Thursday, October 23, 2014

Secrets and work

Wow, it has been a while since I have written. So sorry. At one point I thought I should see how long I could go without writing a post but that kinds of defeats the purpose of this blog so I better write something. Why so long without writing – I guess life is normal and I am not so quick to think “that would be an interesting blog post”. That being said, I am by no means an expert now at life here. I am still learning every day.
A lesson I have learned the past few months is about privacy and secrets.  To explain this I will give an example. In North America a girl goes on a few dates with a guy gets excited and tells all her friends. Sometimes she will tell all her friends to not tell anyone yet. But usually in a week or two she is fine with the news being out. She also is proud of her boyfriend and a boyfriend is a status symbol and therefore will be mentioned in conversations with friends and co-workers. Here it’s a little different. If someone is dating someone they don’t tell very many people at all. If they do you are expected to keep it a secret – it’s not your news to share and sharing someone else news may be the end of a friendship. Until the couple has met both families and the dowry has been exchanged its not official and therefore not talked about. Even after it is still not your news if you are friends and she wants to tell you take the news and treasure it, but don’t share it. The telling of the whole world via Facebook is much more uncommon.
So I know there are a few Kenyans who read this blog and if I got it all wrong please tell me.
I am continuing to learn about life here and I will never be done.

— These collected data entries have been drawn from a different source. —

lemma Jmat_lipschitz_of_bounds:
  fixes A :: "real^'n \<Rightarrow> real^'n^'n"
  assumes "\<And>w. w \<in> K \<Longrightarrow> A differentiable (at w)"
    and LA: "LA-lipschitz_on K A"
    and DA_lipschitz: "\<And>w w' y. w \<in> K \<Longrightarrow> w' \<in> K \<Longrightarrow>
      norm (frechet_derivative A (at w) y - frechet_derivative A (at w') y) \<le> LD * norm (w - w') * norm y"
    and DA_bound: "\<And>w y. w \<in> K \<Longrightarrow> norm (frechet_derivative A (at w) y) \<le> B * norm y"
    and R: "\<And>w. w \<in> K \<Longrightarrow> norm w \<le> R" and "LD \<ge> 0"
    and Kb: "\<And>(M::real^'n^'n) x. norm (M *v x) \<le> norm M * norm x * Kb" "Kb \<ge> 0"
    and w: "w \<in> K" and w': "w' \<in> K"
  shows "norm (Jmat A w *v y - Jmat A w' *v y) \<le> (LA + LD * R + B) * Kb * norm (w - w') * norm y"
proof -
  define DA where "DA w = frechet_derivative A (at w)" for w
  have "Jmat A w *v y - Jmat A w' *v y = (A w - A w') *v y + (DA w y - DA w' y) *v w + DA w' y *v (w - w')"
    unfolding DA_def Jmat_mult_vector[OF assms(1)[OF w]] Jmat_mult_vector[OF assms(1)[OF w']]
    by (simp add: algebra_simps)
  then have "norm (Jmat A w *v y - Jmat A w' *v y)
      \<le> norm (A w - A w') * norm y * Kb + norm (DA w y - DA w' y) * norm w * Kb
         + norm (DA w' y) * norm (w - w') * Kb"
    using Kb(1) by (metis (no_types, lifting) add_mono norm_triangle_le norm_triangle_ineq)
  also have "\<dots> \<le> (LA * norm (w - w')) * norm y * Kb + (LD * norm (w - w') * norm y) * R * Kb
      + (B * norm y) * norm (w - w') * Kb"
    using lipschitz_on_normD[OF LA w w'] DA_lipschitz[OF w w', of y] R[OF w] DA_bound[OF w', of y]
      \<open>Kb \<ge> 0\<close> \<open>LD \<ge> 0\<close>
    unfolding DA_def by (intro add_mono mult_right_mono mult_mono) auto
  also have "\<dots> = (LA + LD * R + B) * Kb * norm (w - w') * norm y"
    by (simp add: algebra_simps)
  finally show ?thesis .
qed

lemma Jmat_lipschitz_on_compact:
  fixes A :: "real^'n \<Rightarrow> real^'n^'n"
  assumes "open S" "Ck_on 2 S A" "compact K" "convex K" "K \<subseteq> S"
  obtains L where "L \<ge> 0"
    "\<And>w w' y. w \<in> K \<Longrightarrow> w' \<in> K \<Longrightarrow> norm (Jmat A w *v y - Jmat A w' *v y) \<le> L * norm (w - w') * norm y"
proof -
  define DA where "DA w = frechet_derivative A (at w)" for w
  have A_diff: "A differentiable_on S"
    and partials_diff: "\<And>b. b \<in> Basis \<Longrightarrow> (\<lambda>w. DA w b) differentiable_on S"
    and partials_C1: "\<And>b c. b \<in> Basis \<Longrightarrow> c \<in> Basis \<Longrightarrow>
        continuous_on S (\<lambda>x. frechet_derivative (\<lambda>w. DA w b) (at x) c)"
    using assms(2) by (auto simp: numeral_2_eq_2 DA_def)
  have partials_cont: "\<And>b. b \<in> Basis \<Longrightarrow> continuous_on S (\<lambda>w. frechet_derivative A (at w) b)"
    using partials_diff differentiable_imp_continuous_on unfolding DA_def by blast
  have A_diff_at: "A differentiable (at w)" if "w \<in> K" for w
    using A_diff assms(1,5) that by (meson differentiable_on_eq_differentiable_at subsetD)
  obtain LA where LA: "LA-lipschitz_on K A"
    using lipschitz_on_continuous_partials[OF assms(1) A_diff partials_cont assms(3-5)] .
  obtain LD where "LD \<ge> 0" and DA_lipschitz: "\<And>w w' y. w \<in> K \<Longrightarrow> w' \<in> K \<Longrightarrow>
      norm (frechet_derivative A (at w) y - frechet_derivative A (at w') y) \<le> LD * norm (w - w') * norm y"
    using frechet_derivative_lipschitz_on_compact[OF assms(1) A_diff partials_diff[unfolded DA_def]
        partials_C1[unfolded DA_def] assms(3-5)] by blast
  obtain B where "B > 0" and DA_bound: "\<And>w y. w \<in> K \<Longrightarrow> norm (frechet_derivative A (at w) y) \<le> B * norm y"
    using frechet_derivative_bounded_on_compact[OF assms(1) A_diff partials_cont assms(3,5)] by blast
  obtain R where "R > 0" and R: "\<And>w. w \<in> K \<Longrightarrow> norm w \<le> R"
    using compact_imp_bounded[OF assms(3)] unfolding bounded_pos by blast
  obtain Kb where "Kb > 0" and Kb: "\<And>(M::real^'n^'n) x. norm (M *v x) \<le> norm M * norm x * Kb"
    using bounded_bilinear.pos_bounded[OF bounded_bilinear_matrix_vector_mult] by blast
  show thesis
  proof (rule that)
    show "(LA + LD * R + B) * Kb \<ge> 0"
      using \<open>Kb > 0\<close> \<open>B > 0\<close> \<open>R > 0\<close> \<open>LD \<ge> 0\<close> lipschitz_on_nonneg[OF LA] by simp
    show "norm (Jmat A w *v y - Jmat A w' *v y) \<le> (LA + LD * R + B) * Kb * norm (w - w') * norm y"
      if "w \<in> K" "w' \<in> K" for w w' y
      using Jmat_lipschitz_of_bounds[OF A_diff_at LA DA_lipschitz DA_bound R \<open>LD \<ge> 0\<close> Kb _ that]
        \<open>Kb > 0\<close> by simp
  qed
qed

(* In the application, t = u \<bullet> d, W is the norm of the part of d orthogonal to the unit vector u,
   and n = norm (u + d). *)
lemma normalization_scalar_estimate:
  fixes t W D :: real
  assumes "W \<ge> 0" "D \<ge> 0" "D \<le> 1/2" "W\<^sup>2 + t\<^sup>2 = D\<^sup>2"
  defines "n \<equiv> sqrt ((1 + t)\<^sup>2 + W\<^sup>2)"
  shows "\<bar>(1 + t) / n - 1\<bar> + \<bar>1 / n - 1\<bar> * W \<le> 5 * D\<^sup>2"
proof -
  have "t\<^sup>2 \<le> D\<^sup>2" "W\<^sup>2 \<le> D\<^sup>2"
    using assms(4) zero_le_power2[of t] zero_le_power2[of W] by linarith+
  have t: "\<bar>t\<bar> \<le> D"
    using abs_le_square_iff[of t D] \<open>t\<^sup>2 \<le> D\<^sup>2\<close> assms(2) by simp
  have WD: "W \<le> D"
    using power2_le_imp_le[OF \<open>W\<^sup>2 \<le> D\<^sup>2\<close> assms(2)] .
  have a: "1 + t \<ge> 1/2" using t assms(3) by linarith
  have na: "n \<ge> 1 + t"
    unfolding n_def by (rule real_le_rsqrt) simp
  with a have "n > 0" by linarith
  have "n\<^sup>2 = (1 + t)\<^sup>2 + W\<^sup>2"
    unfolding n_def by (simp add: real_sqrt_pow2)
  then have "(n - (1 + t)) * (n + (1 + t)) = W\<^sup>2"
    by (simp add: algebra_simps power2_eq_square)
  moreover have "(n - (1 + t)) * 1 \<le> (n - (1 + t)) * (n + (1 + t))"
    using na a by (intro mult_left_mono) auto
  ultimately have gap: "n - (1 + t) \<le> W\<^sup>2" by simp
  have "D * D \<le> D * (1/2)"
    using assms(3,2) by (rule mult_left_mono)
  then have "W\<^sup>2 \<le> D / 2"
    using \<open>W\<^sup>2 \<le> D\<^sup>2\<close> by (simp add: power2_eq_square)
  have "(1 + t) / n - 1 = - ((n - (1 + t)) / n)"
    using \<open>n > 0\<close> by (simp add: field_simps)
  then have "\<bar>(1 + t) / n - 1\<bar> = (n - (1 + t)) / n"
    using na \<open>n > 0\<close> by simp
  also have "\<dots> \<le> W\<^sup>2 / (1/2)"
    using gap na a by (intro frac_le) auto
  finally have first: "\<bar>(1 + t) / n - 1\<bar> \<le> 2 * D\<^sup>2"
    using \<open>W\<^sup>2 \<le> D\<^sup>2\<close> by simp
  have "\<bar>n - 1\<bar> \<le> 3/2 * D"
    using gap na t \<open>W\<^sup>2 \<le> D / 2\<close> by linarith
  then have "\<bar>n - 1\<bar> * W \<le> 3/2 * D * D"
    using WD assms(1) by (intro mult_mono) auto
  moreover have "\<bar>1 / n - 1\<bar> * W = \<bar>n - 1\<bar> * W / n"
    using \<open>n > 0\<close> by (simp add: field_simps abs_minus_commute)
  ultimately have "\<bar>1 / n - 1\<bar> * W \<le> (3/2 * D * D) / (1/2)"
    using a na by (simp only:) (intro frac_le, auto)
  then have second: "\<bar>1 / n - 1\<bar> * W \<le> 3 * D\<^sup>2"
    by (simp add: power2_eq_square)
  from first second show ?thesis by linarith
qed

lemma sgn_unit_perturbation:
  fixes u d :: "'a::real_inner"
  assumes "norm u = 1" "norm d \<le> 1/2"
  shows "norm (sgn (u + d) - u - (d - (u \<bullet> d) *\<^sub>R u)) \<le> 5 * (norm d)\<^sup>2"
proof -
  define t where "t = u \<bullet> d"
  define w where "w = d - t *\<^sub>R u"
  have uu: "u \<bullet> u = 1" using assms(1) by (simp add: norm_eq_sqrt_inner)
  have uw: "u \<bullet> w = 0" by (simp add: w_def t_def inner_diff_right uu)
  have d: "d = t *\<^sub>R u + w" by (simp add: w_def)
  have norm_d: "(norm w)\<^sup>2 + t\<^sup>2 = (norm d)\<^sup>2"
    unfolding power2_norm_eq_inner d
    by (simp add: inner_add_left inner_add_right uu uw inner_commute power2_eq_square)
  have norm_ud: "norm (u + d) = sqrt ((1 + t)\<^sup>2 + (norm w)\<^sup>2)"
    unfolding norm_eq_sqrt_inner d power2_norm_eq_inner
    by (simp add: inner_add_left inner_add_right uu uw inner_commute power2_eq_square algebra_simps)
  have "sgn (u + d) - u - w = ((1 + t) / norm (u + d) - 1) *\<^sub>R u + (1 / norm (u + d) - 1) *\<^sub>R w"
    unfolding sgn_div_norm by (subst (1) d) (simp add: algebra_simps divide_inverse)
  then have "norm (sgn (u + d) - u - w)
      \<le> \<bar>(1 + t) / norm (u + d) - 1\<bar> + \<bar>1 / norm (u + d) - 1\<bar> * norm w"
    using norm_triangle_ineq assms(1) by (metis mult.right_neutral norm_scaleR)
  also have "\<dots> \<le> 5 * (norm d)\<^sup>2"
    unfolding norm_ud using assms(2) norm_d by (intro normalization_scalar_estimate) auto
  finally show ?thesis by (simp add: w_def t_def)
qed

lemma sgn_perturbation:
  fixes v d :: "'a::real_inner"
  assumes "norm v = 1" "\<mu> \<noteq> 0" "norm d \<le> 1 / (2 * \<bar>\<mu>\<bar>)"
  shows "norm (sgn ((1 / \<mu>) *\<^sub>R v + d) - sgn \<mu> *\<^sub>R v - \<bar>\<mu>\<bar> *\<^sub>R (d - (v \<bullet> d) *\<^sub>R v))
    \<le> 5 * \<mu>\<^sup>2 * (norm d)\<^sup>2"
proof -
  have "norm (\<mu> *\<^sub>R d) \<le> 1/2"
    using assms(2,3) by (simp add: field_simps)
  then have unit: "norm (sgn (v + \<mu> *\<^sub>R d) - v - (\<mu> *\<^sub>R d - (v \<bullet> (\<mu> *\<^sub>R d)) *\<^sub>R v))
      \<le> 5 * (norm (\<mu> *\<^sub>R d))\<^sup>2"
    by (rule sgn_unit_perturbation[OF assms(1)])
  have "(1 / \<mu>) *\<^sub>R v + d = (1 / \<mu>) *\<^sub>R (v + \<mu> *\<^sub>R d)"
    using assms(2) by (simp add: algebra_simps)
  then have "sgn ((1 / \<mu>) *\<^sub>R v + d) = sgn \<mu> *\<^sub>R sgn (v + \<mu> *\<^sub>R d)"
    by (simp add: sgn_scaleR sgn_if)
  then have "sgn ((1 / \<mu>) *\<^sub>R v + d) - sgn \<mu> *\<^sub>R v - \<bar>\<mu>\<bar> *\<^sub>R (d - (v \<bullet> d) *\<^sub>R v)
      = sgn \<mu> *\<^sub>R (sgn (v + \<mu> *\<^sub>R d) - v - (\<mu> *\<^sub>R d - (v \<bullet> (\<mu> *\<^sub>R d)) *\<^sub>R v))"
    using assms(2) by (simp add: abs_real_def sgn_if algebra_simps)
  then show ?thesis
    using unit assms(2) by (simp add: power_mult_distrib abs_sgn_eq)
qed

lemma norm_minus_projection_le:
  fixes u e :: "'a::real_inner"
  assumes "norm u = 1"
  shows "norm (e - (u \<bullet> e) *\<^sub>R u) \<le> norm e"
proof (rule power2_le_imp_le)
  have "u \<bullet> u = 1" using assms by (simp add: norm_eq_sqrt_inner)
  then have "(norm (e - (u \<bullet> e) *\<^sub>R u))\<^sup>2 = (norm e)\<^sup>2 - (u \<bullet> e)\<^sup>2"
    unfolding power2_norm_eq_inner by (simp add: inner_diff_left inner_diff_right inner_commute power2_eq_square)
  then show "(norm (e - (u \<bullet> e) *\<^sub>R u))\<^sup>2 \<le> (norm e)\<^sup>2" by simp
qed simp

On another note things have been busy at the hospital I am excited to be having more ventilators as we have added two, soon to be three, Servo 300 ventilators to our vent pool. These are good machines and I am excited to have waveforms for teaching. We recently used the servo to ventilate a 6 month old with bad pneumonia/ARDS. Unfortunately,  despite three weeks on the ventilator this little one did not survive; please pray for this family. Life in the ICU is always up and down with some patients getting better and some not. A few weeks ago we had a big success. It was a weekend and I was helping out the medicine team on call. We had a bad asthmatic come into casualty. We gave her the cocktail of meds we have access to (Ventolin, steroids, Magnesium, she may have even got some Epi) despite all these meds her lungs refused to open up and she was getting tired. I tried bipap with no success. So we had to put this young lady on a vent. Acute asthmatics are some of the hardest patients to ventilate and this lady was the worst I have seen yet. When she was on the vent we paralyzed her to squeeze all the trapped air out of her lungs, gave her ketamine as a sedative – it bronchodilates, and still after a few hours her vent pressures were still in the 80’s. We threw some more meds at her:  aminophylline, more magnesium and of course a continuous stream of Ventolin. She came in on Saturday and started to get a little better on Tuesday, finally on Friday we were able to take her tube out and she could breathe on her own. This young lady took a lot of my time, energy and prayers. I am thankful she finally turned around a week later she went home. She now has medications in her pocket and hopefully she will be able to control her asthma better. If this lady had not made it to us when she did or had gone to a district hospital which do not have ICU care she would have died. I am thankful that God uses us to help people like her.


So that’s a little of what I have been up to. Hopefully in the next few weeks I will have an update for you regarding what’s next. Also I am excited in a few weeks my friend Shawna, who also edits this blog for me, will be coming for a visit. I am excited to show her my life here. Also from a work/educational standpoint we say iron sharpens iron. I have not had a lot of iron to sharpen against so I am looking forward to that as well.